**What you have to do:**
The entries below need to be transcribed verbatim.

**Data section:**
lemma free_grp_alt_prod:
  "foldr (\<lambda>h acc. g \<otimes>\<^bsub>free_grp S\<^esub> h \<otimes>\<^bsub>free_grp S\<^esub> acc) hs \<one>\<^bsub>free_grp S\<^esub> = word_alt_prod g hs"
  by (induction hs) (simp_all add: free_red_append_left[of "g @ h" for h, symmetric])

lemma b_exp_word_alt_prod:
  "\<forall>h\<in>set hs. b_exp h = 0 \<Longrightarrow> b_exp (word_alt_prod g hs) = int (length hs) * b_exp g"
  by (induction hs) (simp_all add: algebra_simps)

lemma basis_word_alt_prod:
  "word_alt_prod (basis_word y) (map basis_word zs) = basis_word (word_alt_prod y zs)"
proof (induction zs)
  case (Cons z zs)
  let ?R = "word_alt_prod y zs"
  have "basis_word (free_red (y @ z @ ?R)) = free_red (basis_word y @ free_red (basis_word z @ basis_word ?R))"
    by (simp add: basis_word_append)
  also have "\<dots> = free_red (basis_word y @ basis_word z @ basis_word ?R)"
    by (rule free_red_append_right[symmetric])
  finally show ?case using Cons by simp
qed simp

lemma subset_factor_subgroup_imp_map:
  "set hs \<subseteq> factor_subgroup \<Longrightarrow> \<exists>zs. hs = map basis_word zs \<and> (\<forall>z\<in>set zs. letters_in factor_index z)"
proof (induction hs)
  case (Cons h hs)
  then obtain zs where "hs = map basis_word zs" "\<forall>z\<in>set zs. letters_in factor_index z" by auto
  moreover obtain z where "h = basis_word z" "letters_in factor_index z"
    using Cons.prems by (auto elim: factor_subgroupE)
  ultimately show ?case by (intro exI[of _ "z # zs"]) auto
qed simp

**Exercise answer:**
lemma free_grp_alt_prod:
  "foldr (\<lambda>h acc. g \<otimes>\<^bsub>free_grp S\<^esub> h \<otimes>\<^bsub>free_grp S\<^esub> acc) hs \<one>\<^bsub>free_grp S\<^esub> = word_alt_prod g hs"
  by (induction hs) (simp_all add: free_red_append_left[of "g @ h" for h, symmetric])

lemma b_exp_word_alt_prod:
  "\<forall>h\<in>set hs. b_exp h = 0 \<Longrightarrow> b_exp (word_alt_prod g hs) = int (length hs) * b_exp g"
  by (induction hs) (simp_all add: algebra_simps)

lemma basis_word_alt_prod:
  "word_alt_prod (basis_word y) (map basis_word zs) = basis_word (word_alt_prod y zs)"
proof (induction zs)
  case (Cons z zs)
  let ?R = "word_alt_prod y zs"
  have "basis_word (free_red (y @ z @ ?R)) = free_red (basis_word y @ free_red (basis_word z @ basis_word ?R))"
    by (simp add: basis_word_append)
  also have "\<dots> = free_red (basis_word y @ basis_word z @ basis_word ?R)"
    by (rule free_red_append_right[symmetric])
  finally show ?case using Cons by simp
qed simp

lemma subset_factor_subgroup_imp_map:
  "set hs \<subseteq> factor_subgroup \<Longrightarrow> \<exists>zs. hs = map basis_word zs \<and> (\<forall>z\<in>set zs. letters_in factor_index z)"
proof (induction hs)
  case (Cons h hs)
  then obtain zs where "hs = map basis_word zs" "\<forall>z\<in>set zs. letters_in factor_index z" by auto
  moreover obtain z where "h = basis_word z" "letters_in factor_index z"
    using Cons.prems by (auto elim: factor_subgroupE)
  ultimately show ?case by (intro exI[of _ "z # zs"]) auto
qed simp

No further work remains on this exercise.